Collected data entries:
──────────────────────────────
(* Let $a,b$ be non-zero constants with $a\neq b$, and let $w=w(x,y,z)$ be a function on an open set $B\subset\mathbb{R}^3$ with continuous second derivatives and $w_x\neq 0$. On $B\times\mathbb{R}^2$ with coordinates $(x,y,z,p_0,p_1)$ consider the bivectors $P_0,P_1$ with components (so that $\{f,g\}_i=\sum_{\alpha,\beta}P_i^{\alpha\beta}\partial_\alpha f\,\partial_\beta g$) \[ P_0= \begin{pmatrix} 0&0&0&-w_z/w_x&-w_y/w_x\\ 0&0&0&0&1\\ 0&0&0&1&0\\ w_z/w_x&0&-1&0&0\\ w_y/w_x&-1&0&0&0 \end{pmatrix}, \qquad P_1= \begin{pmatrix} 0&0&0&0&0\\ 0&0&0&0&b\\ 0&0&0&a&0\\ 0&0&-a&0&0\\ 0&-b&0&0&0 \end{pmatrix}. \] Then $P_0$ and $P_1$ define a compatible Poisson pencil (i.e. $P_0+\lambda P_1$ satisfies the Jacobi identity for all $\lambda$) if and only if $w$ satisfies the dispersionless Hirota equation \[ (b-a)\,w_x w_{yz}+a\, w_y w_{zx}-b\, w_z w_{xy}=0. \]
   Context: A bivector $P$ defines a bracket $\{f,g\}=\sum_{\alpha,\beta}P^{\alpha\beta}\partial_\alpha f\partial_\beta g$; it is Poisson if this bracket satisfies the Jacobi identity. A compatible Poisson pencil is a pair of Poisson bivectors whose every linear combination $P_0+\lambda P_1$ is Poisson. *)

theory Defs
  imports "HOL-Analysis.Analysis"
begin

definition pd :: "'n::finite \<Rightarrow> (real^'n \<Rightarrow> real) \<Rightarrow> real^'n \<Rightarrow> real" where
  "pd i f u = frechet_derivative f (at u) (axis i 1)"

definition C1_on :: "(real^'n::finite) set \<Rightarrow> (real^'n \<Rightarrow> real) \<Rightarrow> bool" where
  "C1_on U f \<longleftrightarrow> (\<forall>u\<in>U. f differentiable (at u)) \<and> (\<forall>i. continuous_on U (pd i f))"

definition C2_on :: "(real^'n::finite) set \<Rightarrow> (real^'n \<Rightarrow> real) \<Rightarrow> bool" where
  "C2_on U f \<longleftrightarrow> C1_on U f \<and> (\<forall>i. C1_on U (pd i f))"

definition pbracket :: "(real^'n \<Rightarrow> real^'n^'n) \<Rightarrow> (real^'n::finite \<Rightarrow> real) \<Rightarrow> (real^'n \<Rightarrow> real) \<Rightarrow> real^'n \<Rightarrow> real" where
  "pbracket P f g u = (\<Sum>a\<in>UNIV. \<Sum>b\<in>UNIV. P u $ a $ b * pd a f u * pd b g u)"

definition is_poisson :: "(real^'n::finite) set \<Rightarrow> (real^'n \<Rightarrow> real^'n^'n) \<Rightarrow> bool" where
  "is_poisson U P \<longleftrightarrow> (\<forall>f g h. C2_on U f \<and> C2_on U g \<and> C2_on U h \<longrightarrow>
     (\<forall>u\<in>U. pbracket P f (pbracket P g h) u + pbracket P g (pbracket P h f) u
             + pbracket P h (pbracket P f g) u = 0))"

definition compatible_poisson_pencil :: "(real^'n::finite) set \<Rightarrow> (real^'n \<Rightarrow> real^'n^'n) \<Rightarrow> (real^'n \<Rightarrow> real^'n^'n) \<Rightarrow> bool" where
  "compatible_poisson_pencil U P0 P1 \<longleftrightarrow> is_poisson U P0 \<and> is_poisson U P1 \<and>
     (\<forall>t::real. is_poisson U (\<lambda>u. P0 u + t *\<^sub>R P1 u))"

definition proj3 :: "real^5 \<Rightarrow> real^3" where
  "proj3 u = vector [u$1, u$2, u$3]"

definition P0_mat :: "(real^3 \<Rightarrow> real) \<Rightarrow> real^5 \<Rightarrow> real^5^5" where
  "P0_mat w u = (let q = proj3 u; wx = pd 1 w q; wy = pd 2 w q; wz = pd 3 w q in
     vector [vector [0, 0, 0, -wz/wx, -wy/wx],
             vector [0, 0, 0, 0, 1],
             vector [0, 0, 0, 1, 0],
             vector [wz/wx, 0, -1, 0, 0],
             vector [wy/wx, -1, 0, 0, 0]])"

definition P1_mat :: "real \<Rightarrow> real \<Rightarrow> real^5 \<Rightarrow> real^5^5" where
  "P1_mat a b u =
     vector [vector [0, 0, 0, 0, 0],
             vector [0, 0, 0, 0, b],
             vector [0, 0, 0, a, 0],
             vector [0, 0, -a, 0, 0],
             vector [0, -b, 0, 0, 0]]"

end

theory Submission
  imports Defs
begin

text \<open>
  For an antisymmetric bivector \<open>P\<close> with differentiable coefficients, the cyclic sum
  \<open>{f,{g,h}} + {g,{h,f}} + {h,{f,g}}\<close> is a trilinear form in \<open>df, dg, dh\<close>: the terms
  containing second derivatives cancel in pairs, by antisymmetry of \<open>P\<close> and symmetry of
  Hessians, and the remaining coefficient is the Schouten tensor
  \<open>\<Sum>\<^sub>e P\<^sup>a\<^sup>e \<partial>\<^sub>e P\<^sup>b\<^sup>c + cyclic\<close>. Testing with coordinate functions shows that \<open>P\<close> is Poisson
  iff this tensor vanishes.

  The only non-constant entries of \<open>P\<^sub>0 + t P\<^sub>1\<close> are \<open>w\<^sub>z/w\<^sub>x\<close> and \<open>w\<^sub>y/w\<^sub>x\<close>, which depend on
  \<open>x, y, z\<close> only and couple \<open>x\<close> with \<open>p\<^sub>0\<close> and \<open>p\<^sub>1\<close>. Hence the Schouten tensor of the pencil is
  supported on the permutations of \<open>(x, p\<^sub>0, p\<^sub>1)\<close>, where it equals \<open>t\<close> times the Hirota
  expression divided by \<open>w\<^sub>x\<^sup>2\<close>. So \<open>P\<^sub>0\<close> and the constant \<open>P\<^sub>1\<close> are always Poisson, and the
  pencil is Poisson exactly when the Hirota equation holds.
\<close>

section \<open>Partial derivatives\<close>

lemma has_derivative_imp_pd: "(f has_derivative f') (at u) \<Longrightarrow> pd i f u = f' (axis i 1)"
  unfolding pd_def using frechet_derivative_at by metis

lemma has_real_derivative_pd_along_axis:
  fixes f :: "real^'n::finite \<Rightarrow> real"
  assumes "f differentiable at (x + s *\<^sub>R axis i 1)"
  shows "((\<lambda>s. f (x + s *\<^sub>R axis i 1)) has_real_derivative pd i f (x + s *\<^sub>R axis i 1)) (at s)"
proof -
  let ?v = "axis i 1 :: real^'n" and ?f' = "frechet_derivative f (at (x + s *\<^sub>R axis i 1))"
  have d: "(f has_derivative ?f') (at (x + s *\<^sub>R ?v))"
    using assms frechet_derivative_works by blast
  have "((\<lambda>s. x + s *\<^sub>R ?v) has_derivative (\<lambda>s. s *\<^sub>R ?v)) (at s)"
    by (auto intro!: derivative_eq_intros)
  from has_derivative_compose[OF this d]
  have "((\<lambda>s. f (x + s *\<^sub>R ?v)) has_derivative (\<lambda>y. ?f' (y *\<^sub>R ?v))) (at s)"
    by (simp add: o_def)
  moreover have "linear ?f'"
    using d has_derivative_linear by blast
  ultimately have "((\<lambda>s. f (x + s *\<^sub>R ?v)) has_derivative (\<lambda>y. y * ?f' ?v)) (at s)"
    by (simp add: linear_scale)
  then show ?thesis
    unfolding has_field_derivative_def pd_def
    by (rule has_derivative_eq_rhs) (auto simp: fun_eq_iff mult.commute)
qed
──────────────────────────────
◆ Required action:
Please write out all of the records above, character for character.

◆ Task output:
(* Let $a,b$ be non-zero constants with $a\neq b$, and let $w=w(x,y,z)$ be a function on an open set $B\subset\mathbb{R}^3$ with continuous second derivatives and $w_x\neq 0$. On $B\times\mathbb{R}^2$ with coordinates $(x,y,z,p_0,p_1)$ consider the bivectors $P_0,P_1$ with components (so that $\{f,g\}_i=\sum_{\alpha,\beta}P_i^{\alpha\beta}\partial_\alpha f\,\partial_\beta g$) \[ P_0= \begin{pmatrix} 0&0&0&-w_z/w_x&-w_y/w_x\\ 0&0&0&0&1\\ 0&0&0&1&0\\ w_z/w_x&0&-1&0&0\\ w_y/w_x&-1&0&0&0 \end{pmatrix}, \qquad P_1= \begin{pmatrix} 0&0&0&0&0\\ 0&0&0&0&b\\ 0&0&0&a&0\\ 0&0&-a&0&0\\ 0&-b&0&0&0 \end{pmatrix}. \] Then $P_0$ and $P_1$ define a compatible Poisson pencil (i.e. $P_0+\lambda P_1$ satisfies the Jacobi identity for all $\lambda$) if and only if $w$ satisfies the dispersionless Hirota equation \[ (b-a)\,w_x w_{yz}+a\, w_y w_{zx}-b\, w_z w_{xy}=0. \]
   Context: A bivector $P$ defines a bracket $\{f,g\}=\sum_{\alpha,\beta}P^{\alpha\beta}\partial_\alpha f\partial_\beta g$; it is Poisson if this bracket satisfies the Jacobi identity. A compatible Poisson pencil is a pair of Poisson bivectors whose every linear combination $P_0+\lambda P_1$ is Poisson. *)

theory Defs
  imports "HOL-Analysis.Analysis"
begin

definition pd :: "'n::finite \<Rightarrow> (real^'n \<Rightarrow> real) \<Rightarrow> real^'n \<Rightarrow> real" where
  "pd i f u = frechet_derivative f (at u) (axis i 1)"

definition C1_on :: "(real^'n::finite) set \<Rightarrow> (real^'n \<Rightarrow> real) \<Rightarrow> bool" where
  "C1_on U f \<longleftrightarrow> (\<forall>u\<in>U. f differentiable (at u)) \<and> (\<forall>i. continuous_on U (pd i f))"

definition C2_on :: "(real^'n::finite) set \<Rightarrow> (real^'n \<Rightarrow> real) \<Rightarrow> bool" where
  "C2_on U f \<longleftrightarrow> C1_on U f \<and> (\<forall>i. C1_on U (pd i f))"

definition pbracket :: "(real^'n \<Rightarrow> real^'n^'n) \<Rightarrow> (real^'n::finite \<Rightarrow> real) \<Rightarrow> (real^'n \<Rightarrow> real) \<Rightarrow> real^'n \<Rightarrow> real" where
  "pbracket P f g u = (\<Sum>a\<in>UNIV. \<Sum>b\<in>UNIV. P u $ a $ b * pd a f u * pd b g u)"

definition is_poisson :: "(real^'n::finite) set \<Rightarrow> (real^'n \<Rightarrow> real^'n^'n) \<Rightarrow> bool" where
  "is_poisson U P \<longleftrightarrow> (\<forall>f g h. C2_on U f \<and> C2_on U g \<and> C2_on U h \<longrightarrow>
     (\<forall>u\<in>U. pbracket P f (pbracket P g h) u + pbracket P g (pbracket P h f) u
             + pbracket P h (pbracket P f g) u = 0))"

definition compatible_poisson_pencil :: "(real^'n::finite) set \<Rightarrow> (real^'n \<Rightarrow> real^'n^'n) \<Rightarrow> (real^'n \<Rightarrow> real^'n^'n) \<Rightarrow> bool" where
  "compatible_poisson_pencil U P0 P1 \<longleftrightarrow> is_poisson U P0 \<and> is_poisson U P1 \<and>
     (\<forall>t::real. is_poisson U (\<lambda>u. P0 u + t *\<^sub>R P1 u))"

definition proj3 :: "real^5 \<Rightarrow> real^3" where
  "proj3 u = vector [u$1, u$2, u$3]"

definition P0_mat :: "(real^3 \<Rightarrow> real) \<Rightarrow> real^5 \<Rightarrow> real^5^5" where
  "P0_mat w u = (let q = proj3 u; wx = pd 1 w q; wy = pd 2 w q; wz = pd 3 w q in
     vector [vector [0, 0, 0, -wz/wx, -wy/wx],
             vector [0, 0, 0, 0, 1],
             vector [0, 0, 0, 1, 0],
             vector [wz/wx, 0, -1, 0, 0],
             vector [wy/wx, -1, 0, 0, 0]])"

definition P1_mat :: "real \<Rightarrow> real \<Rightarrow> real^5 \<Rightarrow> real^5^5" where
  "P1_mat a b u =
     vector [vector [0, 0, 0, 0, 0],
             vector [0, 0, 0, 0, b],
             vector [0, 0, 0, a, 0],
             vector [0, 0, -a, 0, 0],
             vector [0, -b, 0, 0, 0]]"

end

theory Submission
  imports Defs
begin

text \<open>
  For an antisymmetric bivector \<open>P\<close> with differentiable coefficients, the cyclic sum
  \<open>{f,{g,h}} + {g,{h,f}} + {h,{f,g}}\<close> is a trilinear form in \<open>df, dg, dh\<close>: the terms
  containing second derivatives cancel in pairs, by antisymmetry of \<open>P\<close> and symmetry of
  Hessians, and the remaining coefficient is the Schouten tensor
  \<open>\<Sum>\<^sub>e P\<^sup>a\<^sup>e \<partial>\<^sub>e P\<^sup>b\<^sup>c + cyclic\<close>. Testing with coordinate functions shows that \<open>P\<close> is Poisson
  iff this tensor vanishes.

  The only non-constant entries of \<open>P\<^sub>0 + t P\<^sub>1\<close> are \<open>w\<^sub>z/w\<^sub>x\<close> and \<open>w\<^sub>y/w\<^sub>x\<close>, which depend on
  \<open>x, y, z\<close> only and couple \<open>x\<close> with \<open>p\<^sub>0\<close> and \<open>p\<^sub>1\<close>. Hence the Schouten tensor of the pencil is
  supported on the permutations of \<open>(x, p\<^sub>0, p\<^sub>1)\<close>, where it equals \<open>t\<close> times the Hirota
  expression divided by \<open>w\<^sub>x\<^sup>2\<close>. So \<open>P\<^sub>0\<close> and the constant \<open>P\<^sub>1\<close> are always Poisson, and the
  pencil is Poisson exactly when the Hirota equation holds.
\<close>

section \<open>Partial derivatives\<close>

lemma has_derivative_imp_pd: "(f has_derivative f') (at u) \<Longrightarrow> pd i f u = f' (axis i 1)"
  unfolding pd_def using frechet_derivative_at by metis

lemma has_real_derivative_pd_along_axis:
  fixes f :: "real^'n::finite \<Rightarrow> real"
  assumes "f differentiable at (x + s *\<^sub>R axis i 1)"
  shows "((\<lambda>s. f (x + s *\<^sub>R axis i 1)) has_real_derivative pd i f (x + s *\<^sub>R axis i 1)) (at s)"
proof -
  let ?v = "axis i 1 :: real^'n" and ?f' = "frechet_derivative f (at (x + s *\<^sub>R axis i 1))"
  have d: "(f has_derivative ?f') (at (x + s *\<^sub>R ?v))"
    using assms frechet_derivative_works by blast
  have "((\<lambda>s. x + s *\<^sub>R ?v) has_derivative (\<lambda>s. s *\<^sub>R ?v)) (at s)"
    by (auto intro!: derivative_eq_intros)
  from has_derivative_compose[OF this d]
  have "((\<lambda>s. f (x + s *\<^sub>R ?v)) has_derivative (\<lambda>y. ?f' (y *\<^sub>R ?v))) (at s)"
    by (simp add: o_def)
  moreover have "linear ?f'"
    using d has_derivative_linear by blast
  ultimately have "((\<lambda>s. f (x + s *\<^sub>R ?v)) has_derivative (\<lambda>y. y * ?f' ?v)) (at s)"
    by (simp add: linear_scale)
  then show ?thesis
    unfolding has_field_derivative_def pd_def
    by (rule has_derivative_eq_rhs) (auto simp: fun_eq_iff mult.commute)
qed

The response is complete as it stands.